Using the models generated before, follows the prediction of the number of cases for the next day (considering the last day of the dataset).

In [None]:
def predict_last_rec():
    last_rec = data.tail(1).copy()
    last_rec.drop('y', axis=1, inplace=True)
    next_day = (data.tail(1)['Date'].iloc[0] + dt.timedelta(1))
    print("Predicted new confirmed cases for", next_day.strftime('%m/%d/%Y') , ":", int(predict_ensemble(last_rec)))    

In [None]:
predict_last_rec()

Using the estimated values generated for the model for new cases and considering the rolling average for the other columns, here is the estimations for the next 2 weeks.

In [None]:
last_rec = data.tail(1).copy()
last_rec.drop('y', axis=1, inplace=True)    

data_estimated = data.copy()

#preds = []
#next_dates = []
#preds.columns = data.columns

for _ in range(1,14):
    next_day = (last_rec['Date'].iloc[0] + dt.timedelta(1))
    #next_dates.append(next_day)
    next_newcases = int(predict_ensemble(last_rec))    
    
    print("Predicted new confirmed cases for", next_day.strftime('%m/%d/%Y') , ":", int(predict_ensemble(last_rec)))    
    
    last_rec['Date'] = next_day
    last_rec['NewCases'] = next_newcases
    last_rec['Confirmed'] = last_rec['Confirmed'] + next_newcases
    last_rec['Notifications'] = last_rec['Notifications'] + next_newcases
    
    # estimate other fields
    newdeaths = int(data['NewDeaths'].tail(7).mean())
    last_rec['NewDeaths'] = newdeaths
    
    newurc = data['URCOccupancy'].tail(7).mean()
    last_rec['URCOccupancy'] = newurc
    
    data_estimated = data_estimated.append(last_rec)
    
    #preds.append(next_newcases)

In [None]:
data_estimated.tail(15)

In [None]:
last_dataset_date = data.tail(1).iloc[0, 0]

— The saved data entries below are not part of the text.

text \<open>On each half-line the integrand is a finite sum over the roots \<open>r\<close> of Gamma kernels
  \<open>t\<^sup>\<mu>\<^sup>-\<^sup>1 e\<^sup>-\<^sup>a\<^sup>t\<close> with \<open>a = \<mp>\<i>(z\<^sub>0 - r)\<close>. The Gamma integral with complex rate
  \<open>a = b - c\<close>, \<open>|c| < b\<close>, follows from the real one by integrating the exponential series of
  \<open>e\<^sup>c\<^sup>t\<close> termwise and summing the binomial series. So for \<open>Re \<mu> > 0\<close> and \<open>z\<^sub>0\<close> above
  (below) all roots the half integrals have closed forms in \<open>(\<mp>\<i>(z\<^sub>0 - r))\<^sup>-\<^sup>\<mu>\<close>, holomorphic
  on slit planes. To the right of all roots \<open>Ln (\<plusminus>\<i> w) = Ln w \<plusminus> \<i>\<pi>/2\<close>, so the two closed forms
  add up to the root side. The identity theorem, first in \<open>z\<^sub>0\<close> and then in \<open>\<mu>\<close>, forces every
  continuation to agree with them, which determines \<open>d\<^sub>p\<close> off the cuts. At positive integers the
  same value comes from differentiating \<open>p'/p = \<Sigma> M\<^sub>r/(z - r)\<close>; at nonpositive integers the root
  side is a polynomial in \<open>z\<^sub>0\<close>, hence its own entire extension.\<close>

section \<open>Gamma integrals with complex rate\<close>

lemma Gamma_set_integral_real_rate:
  assumes "0 < Re \<nu>" "0 < b"
  shows "set_integrable lborel {0<..} (\<lambda>t. of_real t powr (\<nu> - 1) * exp (- (of_real b * of_real t)))"
    and "(LINT t:{0<..}|lborel. of_real t powr (\<nu> - 1) * exp (- (of_real b * of_real t))) =
           Gamma \<nu> * of_real b powr (- \<nu>)"
proof -
  define f where "f = (\<lambda>t. indicator {0<..} t *\<^sub>R (complex_of_real t powr (\<nu> - 1) / of_real (exp t)))"
  define h where "h = (\<lambda>t. indicator {0<..} t *\<^sub>R (complex_of_real t powr (\<nu> - 1) * exp (- (of_real b * of_real t))))"
  have f_integrable: "integrable lborel f"
  proof -
    have "(\<lambda>t. complex_of_real t powr (\<nu> - 1) / of_real (exp t)) absolutely_integrable_on {0<..}"
      using absolutely_integrable_Gamma_integral'[OF assms(1)] .
    moreover have "f \<in> borel_measurable borel"
      unfolding f_def by (rule borel_measurable_continuous_on_indicator) (auto intro!: continuous_intros)
    ultimately show ?thesis
      using integrable_completion[of f lborel] unfolding f_def set_integrable_def
      by (simp add: measurable_lborel1)
  qed
  have f_integral: "integral\<^sup>L lborel f = Gamma \<nu>"
    using set_borel_integral_eq_integral(2)[of "{0<..}" "\<lambda>t. of_real t powr (\<nu> - 1) / of_real (exp t)"]
      f_integrable Gamma_integral_complex'[OF assms(1)]
    by (simp add: f_def set_integrable_def set_lebesgue_integral_def integral_unique)
  have f_scaled: "f (b * x) = of_real b powr (\<nu> - 1) * h x" for x
  proof (cases "x > 0")
    case True
    have "complex_of_real (b * x) powr (\<nu> - 1) = of_real b powr (\<nu> - 1) * of_real x powr (\<nu> - 1)"
      using True assms by (subst of_real_mult, intro powr_times_real) auto
    then show ?thesis
      using True assms by (simp add: f_def h_def exp_minus of_real_exp divide_inverse mult_ac)
  qed (use assms in \<open>simp add: f_def h_def zero_less_mult_iff\<close>)
  have bpow_nz: "complex_of_real b powr (\<nu> - 1) \<noteq> 0"
    using assms by simp
  have "integrable lborel (\<lambda>x. of_real b powr (\<nu> - 1) * h x)"
    using lborel_integrable_real_affine[OF f_integrable, of b 0] assms by (simp add: f_scaled)
  then have "integrable lborel (\<lambda>x. inverse (of_real b powr (\<nu> - 1)) * (of_real b powr (\<nu> - 1) * h x))"
    by (rule integrable_mult_right)
  then show "set_integrable lborel {0<..} (\<lambda>t. of_real t powr (\<nu> - 1) * exp (- (of_real b * of_real t)))"
    using bpow_nz by (simp add: h_def set_integrable_def mult.assoc[symmetric])
  have "Gamma \<nu> = of_real b * (of_real b powr (\<nu> - 1) * integral\<^sup>L lborel h)"
    using f_integral lborel_integral_real_affine[of b f 0] assms
    by (simp add: f_scaled scaleR_conv_of_real)
  also have "\<dots> = of_real b powr \<nu> * integral\<^sup>L lborel h"
    using assms by (simp add: powr_diff)
  finally show "(LINT t:{0<..}|lborel. of_real t powr (\<nu> - 1) * exp (- (of_real b * of_real t))) =
      Gamma \<nu> * of_real b powr (- \<nu>)"
    using assms by (simp add: h_def set_lebesgue_integral_def powr_minus field_simps)
qed

lemma Gamma_shift_powr_eq_gbinomial:
  fixes \<mu> c :: complex
  assumes "0 < Re \<mu>" "0 < b"
  shows "Gamma (\<mu> + of_nat k) * of_real b powr (- (\<mu> + of_nat k)) * (c ^ k / fact k) =
         Gamma \<mu> * of_real b powr (- \<mu>) * (((- \<mu>) gchoose k) * (- c / of_real b) ^ k)"
proof -
  have "\<mu> \<notin> \<int>\<^sub>\<le>\<^sub>0"
    using assms(1) by (auto elim!: nonpos_Ints_cases)
  then have Gamma_shift: "Gamma (\<mu> + of_nat k) = pochhammer \<mu> k * Gamma \<mu>"
    using pochhammer_Gamma[of \<mu> k] Gamma_nonzero[of \<mu>] by simp
  have powr_shift: "complex_of_real b powr (- (\<mu> + of_nat k)) = of_real b powr (- \<mu>) / of_real b ^ k"
    using assms(2) by (simp add: powr_diff powr_nat' diff_conv_add_uminus[symmetric])
  have gchoose: "(- \<mu>) gchoose k = (- 1) ^ k * pochhammer \<mu> k / fact k"
    by (simp add: gbinomial_pochhammer)
  have power: "(- c / of_real b) ^ k = (- 1) ^ k * c ^ k / of_real b ^ k"
    by (metis power_divide power_minus)
  have "(- 1 :: complex) ^ k * (- 1) ^ k = 1"
    by (simp flip: power_mult_distrib)
  then have "Gamma \<mu> * of_real b powr (- \<mu>) * (((- \<mu>) gchoose k) * (- c / of_real b) ^ k) =
               pochhammer \<mu> k * Gamma \<mu> * (of_real b powr (- \<mu>) / of_real b ^ k) * (c ^ k / fact k)"
    unfolding gchoose power by (simp add: mult_ac)
  then show ?thesis
    unfolding Gamma_shift powr_shift by simp
qed

definition Gamma_kernel_term :: "complex \<Rightarrow> real \<Rightarrow> complex \<Rightarrow> nat \<Rightarrow> real \<Rightarrow> complex" where
  "Gamma_kernel_term \<mu> b c k t =
     indicator {0<..} t *\<^sub>R (of_real t powr (\<mu> + of_nat k - 1) * exp (- (of_real b * of_real t))) *
     (c ^ k / fact k)"

lemma integrable_Gamma_kernel_term:
  assumes "0 < Re \<mu>" "0 < b"
  shows "integrable lborel (Gamma_kernel_term \<mu> b c k)"
  using Gamma_set_integral_real_rate(1)[of "\<mu> + of_nat k" b] assms
  unfolding Gamma_kernel_term_def set_integrable_def by (intro integrable_mult_left) simp

lemma integral_Gamma_kernel_term:
  assumes "0 < Re \<mu>" "0 < b"
  shows "integral\<^sup>L lborel (Gamma_kernel_term \<mu> b c k) =
           Gamma \<mu> * of_real b powr (- \<mu>) * (((- \<mu>) gchoose k) * (- c / of_real b) ^ k)"
  using Gamma_set_integral_real_rate(2)[of "\<mu> + of_nat k" b] Gamma_shift_powr_eq_gbinomial[OF assms] assms
  unfolding Gamma_kernel_term_def set_lebesgue_integral_def integral_mult_left_zero by simp

lemma Gamma_kernel_term_pos:
  assumes "0 < t"
  shows "Gamma_kernel_term \<mu> b c k t =
           (of_real t powr (\<mu> - 1) * exp (- (of_real b * of_real t))) * ((c * of_real t) ^ k /\<^sub>R fact k)"
proof -
  have "complex_of_real t powr (\<mu> + of_nat k - 1) = of_real t powr ((\<mu> - 1) + of_nat k)"
    by (simp add: algebra_simps)
  also have "\<dots> = of_real t powr (\<mu> - 1) * of_real t ^ k"
    using assms by (simp add: powr_add powr_nat')
  finally show ?thesis
    using assms by (simp add: Gamma_kernel_term_def power_mult_distrib scaleR_conv_of_real divide_inverse mult_ac)
qed

lemma Gamma_kernel_term_sums:
  "(\<lambda>k. Gamma_kernel_term \<mu> b c k t) sums
     (indicator {0<..} t *\<^sub>R (of_real t powr (\<mu> - 1) * exp (- ((of_real b - c) * of_real t))))"
proof (cases "0 < t")
  case True
  have "(\<lambda>k. (of_real t powr (\<mu> - 1) * exp (- (of_real b * of_real t))) * ((c * of_real t) ^ k /\<^sub>R fact k))
          sums ((of_real t powr (\<mu> - 1) * exp (- (of_real b * of_real t))) * exp (c * of_real t))"
    by (intro sums_mult exp_converges)
  moreover have "exp (- (of_real b * of_real t)) * exp (c * of_real t) = exp (- ((of_real b - c) * of_real t))"
    by (simp add: exp_add[symmetric] algebra_simps)
  ultimately show ?thesis
    using True by (simp add: Gamma_kernel_term_pos mult.assoc)
qed (simp add: Gamma_kernel_term_def)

ax = data_estimated[data_estimated['Date'] <= last_dataset_date].plot(x='Date',
                                                                            y='NewCases',
                                                                            figsize=(15,10),
                                                                            ylabel='Confirmed Cases',
                                                                            title='COVID Confirmed Cases - Actual vs Predictions')
data_estimated[data_estimated['Date'] >= last_dataset_date].plot(x='Date', y='NewCases', ax=ax)
ax.legend(['Actual', 'Predictions'])
plt.show()

## Conclusions

* The model captured well the pattern of the time series, where working days always have more cases then weekends. This happens because the laboratories that process the results doesn't work on weekends.
* The estimations of new cases are strongly influenced by the deaths and weekday. Therefore, another strategy has to be taken, using direct or native methods.